Work request:
Search the listing below for the word "section" and copy each line that holds it.

Provided records:

lemma Ck_on_add:
  assumes "open S" "Ck_on k S f" "Ck_on k S g"
  shows "Ck_on k S (\<lambda>x. f x + g x)"
  using assms(2,3)
proof (induction k arbitrary: f g)
  case 0
  then show ?case
    using continuous_on_add by auto
next
  case (Suc k)
  have hd: "((\<lambda>x. f x + g x) has_derivative
      (\<lambda>v. frechet_derivative f (at x) v + frechet_derivative g (at x) v)) (at x)"
    if "x \<in> S" for x
    using Suc.prems has_derivative_frechet_derivative_open[OF assms(1)] that
    by (auto intro!: has_derivative_add)
  then have "(\<lambda>x. f x + g x) differentiable_on S"
    using differentiable_on_eq_differentiable_at[OF assms(1)] differentiable_def by blast
  moreover have "continuous_on S (\<lambda>x. f x + g x)"
    using Suc.prems continuous_on_add by auto
  moreover have "Ck_on k S (\<lambda>z. frechet_derivative (\<lambda>x. f x + g x) (at z) v)" for v
  proof (rule Ck_on_cong[OF assms(1) _ Suc.IH])
    show "frechet_derivative f (at z) v + frechet_derivative g (at z) v
        = frechet_derivative (\<lambda>x. f x + g x) (at z) v" if "z \<in> S" for z
      by (metis frechet_derivative_at[OF hd[OF that]])
  qed (use Suc.prems in auto)
  ultimately show ?case
    by simp
qed

lemma smooth_on_bounded_linear:
  "open S \<Longrightarrow> bounded_linear h \<Longrightarrow> smooth_on S f \<Longrightarrow> smooth_on S (\<lambda>x. h (f x))"
  unfolding smooth_on_def using Ck_on_bounded_linear by blast

lemma smooth_on_add:
  "open S \<Longrightarrow> smooth_on S f \<Longrightarrow> smooth_on S g \<Longrightarrow> smooth_on S (\<lambda>x. f x + g x)"
  unfolding smooth_on_def using Ck_on_add by blast

lemma smooth_on_frechet_derivative:
  "smooth_on S f \<Longrightarrow> smooth_on S (\<lambda>x. frechet_derivative f (at x) v)"
  unfolding smooth_on_def by (metis Ck_on.simps(2))

lemma smooth_on_imp_continuous_on: "smooth_on S f \<Longrightarrow> continuous_on S f"
  unfolding smooth_on_def by (metis Ck_on.simps(1))

lemma smooth_on_has_derivative:
  "open S \<Longrightarrow> smooth_on S f \<Longrightarrow> x \<in> S \<Longrightarrow> (f has_derivative frechet_derivative f (at x)) (at x)"
  unfolding smooth_on_def by (metis Ck_on.simps(2) has_derivative_frechet_derivative_open)

lemma smooth_on_dz:
  assumes "open S" "smooth_on S f"
  shows "smooth_on S (dz j f)"
proof -
  have "dz j f = (\<lambda>x. (1/2) * frechet_derivative f (at x) (axis j 1)
                     + (- \<i>/2) * frechet_derivative f (at x) (axis j \<i>))"
    unfolding dz_def by (auto simp: field_simps)
  then show ?thesis
    by (simp only:)
      (intro smooth_on_add smooth_on_bounded_linear[OF assms(1) bounded_linear_mult_right]
        smooth_on_frechet_derivative assms)
qed

lemma smooth_on_dzbar:
  assumes "open S" "smooth_on S f"
  shows "smooth_on S (dzbar j f)"
proof -
  have "dzbar j f = (\<lambda>x. (1/2) * frechet_derivative f (at x) (axis j 1)
                     + (\<i>/2) * frechet_derivative f (at x) (axis j \<i>))"
    unfolding dzbar_def by (auto simp: field_simps)
  then show ?thesis
    by (simp only:)
      (intro smooth_on_add smooth_on_bounded_linear[OF assms(1) bounded_linear_mult_right]
        smooth_on_frechet_derivative assms)
qed

lemma smooth_on_lipschitz_on:
  fixes g :: "'a::euclidean_space \<Rightarrow> 'b::real_normed_vector"
  assumes "open S" "smooth_on S g" "compact K" "convex K" "K \<subseteq> S"
  obtains L where "L-lipschitz_on K g"
proof -
  have "\<exists>M>0. \<forall>x\<in>K. norm (frechet_derivative g (at x) b) \<le> M" for b
  proof -
    have "continuous_on K (\<lambda>x. frechet_derivative g (at x) b)"
      using smooth_on_imp_continuous_on[OF smooth_on_frechet_derivative[OF assms(2)]] assms(5)
      by (rule continuous_on_subset)
    then have "bounded ((\<lambda>x. frechet_derivative g (at x) b) ` K)"
      using assms(3) compact_continuous_image compact_imp_bounded by blast
    then show ?thesis
      unfolding bounded_pos by simp
  qed
  then obtain M where M0: "\<And>b. 0 < M b"
    and M: "\<And>b x. x \<in> K \<Longrightarrow> norm (frechet_derivative g (at x) b) \<le> M b"
    by metis
  have "(\<Sum>b\<in>Basis. M b)-lipschitz_on K g"
  proof (rule bounded_derivative_imp_lipschitz[OF _ assms(4)])
    fix x assume "x \<in> K"
    then have D: "(g has_derivative frechet_derivative g (at x)) (at x)"
      using smooth_on_has_derivative[OF assms(1,2)] assms(5) by blast
    then show "(g has_derivative frechet_derivative g (at x)) (at x within K)"
      by (rule has_derivative_at_withinI)
    show "onorm (frechet_derivative g (at x)) \<le> (\<Sum>b\<in>Basis. M b)"
    proof (rule onorm_componentwise_le)
      show "bounded_linear (frechet_derivative g (at x))"
        using D by (rule has_derivative_bounded_linear)
      show "(\<Sum>b\<in>Basis. norm (frechet_derivative g (at x) b)) \<le> (\<Sum>b\<in>Basis. M b)"
        using M[OF \<open>x \<in> K\<close>] by (rule sum_mono)
    qed
  qed (simp add: M0 less_imp_le sum_nonneg)
  then show ?thesis ..
qed

lemma smooth_on_imp_bounded_holder_on:
  fixes g :: "'a::euclidean_space \<Rightarrow> 'b::real_normed_vector"
  assumes "open S" "smooth_on S g" "compact K" "convex K" "K \<subseteq> S" "0 < \<alpha>" "\<alpha> \<le> 1"
  shows "bounded_holder_on \<alpha> K g"
proof -
  obtain L where "L-lipschitz_on K g"
    using smooth_on_lipschitz_on[OF assms(1-5)] .
  then show ?thesis
    using lipschitz_on_imp_bounded_holder_on[OF compact_imp_bounded[OF assms(3)] assms(6,7)]
    by blast
qed

section \<open>Wirtinger derivatives\<close>

lemmas has_derivative_vec_nth [derivative_intros] =
  bounded_linear.has_derivative[OF bounded_linear_vec_nth]

lemma has_derivative_imp_dz:
  "(f has_derivative D) (at x) \<Longrightarrow> dz j f x = (D (axis j 1) - \<i> * D (axis j \<i>)) / 2"
  unfolding dz_def using frechet_derivative_at by metis

lemma has_derivative_imp_dzbar:
  "(f has_derivative D) (at x) \<Longrightarrow> dzbar j f x = (D (axis j 1) + \<i> * D (axis j \<i>)) / 2"
  unfolding dzbar_def using frechet_derivative_at by metis

lemma dz_cong_open:
  "open S \<Longrightarrow> x \<in> S \<Longrightarrow> (\<And>y. y \<in> S \<Longrightarrow> f y = g y) \<Longrightarrow> dz j f x = dz j g x"
  unfolding dz_def using frechet_derivative_cong_open[of S x f g] by simp

lemma dz_add:
  assumes "f differentiable at x" "g differentiable at x"
  shows "dz j (\<lambda>y. f y + g y) x = dz j f x + dz j g x"
proof -
  obtain Df Dg where Df: "(f has_derivative Df) (at x)" and Dg: "(g has_derivative Dg) (at x)"
    using assms unfolding differentiable_def by blast
  show ?thesis
    unfolding has_derivative_imp_dz[OF has_derivative_add[OF Df Dg]] has_derivative_imp_dz[OF Df]
      has_derivative_imp_dz[OF Dg]
    by (simp add: algebra_simps diff_divide_distrib add_divide_distrib)
qed

lemma dz_mult:
  assumes "f differentiable at x" "g differentiable at x"
  shows "dz j (\<lambda>y. f y * g y) x = f x * dz j g x + g x * dz j f x"
proof -
  obtain Df Dg where Df: "(f has_derivative Df) (at x)" and Dg: "(g has_derivative Dg) (at x)"
    using assms unfolding differentiable_def by blast
  show ?thesis
    unfolding has_derivative_imp_dz[OF has_derivative_mult[OF Df Dg]] has_derivative_imp_dz[OF Df]
      has_derivative_imp_dz[OF Dg]
    by (simp add: algebra_simps diff_divide_distrib add_divide_distrib)
qed

lemma dzbar_mult:
  assumes "f differentiable at x" "g differentiable at x"
  shows "dzbar j (\<lambda>y. f y * g y) x = f x * dzbar j g x + g x * dzbar j f x"
proof -
  obtain Df Dg where Df: "(f has_derivative Df) (at x)" and Dg: "(g has_derivative Dg) (at x)"
    using assms unfolding differentiable_def by blast
  show ?thesis
    unfolding has_derivative_imp_dzbar[OF has_derivative_mult[OF Df Dg]]
      has_derivative_imp_dzbar[OF Df] has_derivative_imp_dzbar[OF Dg]
    by (simp add: algebra_simps add_divide_distrib)
qed

lemma dz_dzbar_mult:
  assumes "open S" "x \<in> S"
    and "\<And>y. y \<in> S \<Longrightarrow> f differentiable at y" "\<And>y. y \<in> S \<Longrightarrow> g differentiable at y"
    and "dzbar k f differentiable at x" "dzbar k g differentiable at x"
  shows "dz j (dzbar k (\<lambda>y. f y * g y)) x
    = f x * dz j (dzbar k g) x + dzbar k g x * dz j f x
      + g x * dz j (dzbar k f) x + dzbar k f x * dz j g x"
proof -
  have "dz j (dzbar k (\<lambda>y. f y * g y)) x = dz j (\<lambda>y. f y * dzbar k g y + g y * dzbar k f y) x"
    using assms(1-4) dzbar_mult by (intro dz_cong_open) blast+
  also have "\<dots> = dz j (\<lambda>y. f y * dzbar k g y) x + dz j (\<lambda>y. g y * dzbar k f y) x"
    using assms by (intro dz_add differentiable_mult) auto
  also have "\<dots> = f x * dz j (dzbar k g) x + dzbar k g x * dz j f x
      + (g x * dz j (dzbar k f) x + dzbar k f x * dz j g x)"
    using assms by (simp add: dz_mult)
  finally show ?thesis
    by (simp add: add.assoc)
qed

section \<open>The potential \<open>|z\<^sub>1|\<^sup>2\<^sup>\<beta>\<close>\<close>

lemma norm_powr_eq_Re_Im: "cmod z powr t = ((Re z)\<^sup>2 + (Im z)\<^sup>2) powr (t / 2)"
  by (simp add: cmod_def powr_half_sqrt[symmetric] powr_powr)

lemma has_derivative_norm_nth_powr:
  fixes w :: "complex^'n"
  assumes "w $ i \<noteq> 0"
  shows "((\<lambda>v. cmod (v $ i) powr t) has_derivative
    (\<lambda>h. t * cmod (w $ i) powr (t - 2) * (Re (w $ i) * Re (h $ i) + Im (w $ i) * Im (h $ i))))
    (at w)"
proof -
  define q where "q v = (Re (v $ i))\<^sup>2 + (Im (v $ i))\<^sup>2" for v :: "complex^'n"
  have q: "0 < q w"
    using assms by (simp add: q_def complex_neq_0)
  have dq: "(q has_derivative (\<lambda>h. 2 * Re (w $ i) * Re (h $ i) + 2 * Im (w $ i) * Im (h $ i)))
    (at w)"
    unfolding q_def[abs_def] by (auto intro!: derivative_eq_intros)
  have D: "((\<lambda>v. q v powr (t / 2)) has_derivative
      (\<lambda>h. q w powr (t / 2) * (0 * ln (q w)
         + (2 * Re (w $ i) * Re (h $ i) + 2 * Im (w $ i) * Im (h $ i)) * (t / 2) / q w))) (at w)"
    using has_derivative_powr[where f = "\<lambda>_. t / 2" and X = UNIV, OF dq has_derivative_const q]
    by simp
  have pw: "q w powr (t / 2) / q w = q w powr ((t - 2) / 2)"
    using q by (simp add: powr_diff diff_divide_distrib)
  show ?thesis
    unfolding norm_powr_eq_Re_Im q_def[symmetric]
    by (rule has_derivative_eq_rhs[OF D])
      (use q in \<open>simp add: fun_eq_iff pw[symmetric] field_simps\<close>)
qed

Exercise result:
section \<open>Wirtinger derivatives\<close>
section \<open>The potential \<open>|z\<^sub>1|\<^sup>2\<^sup>\<beta>\<close>\<close>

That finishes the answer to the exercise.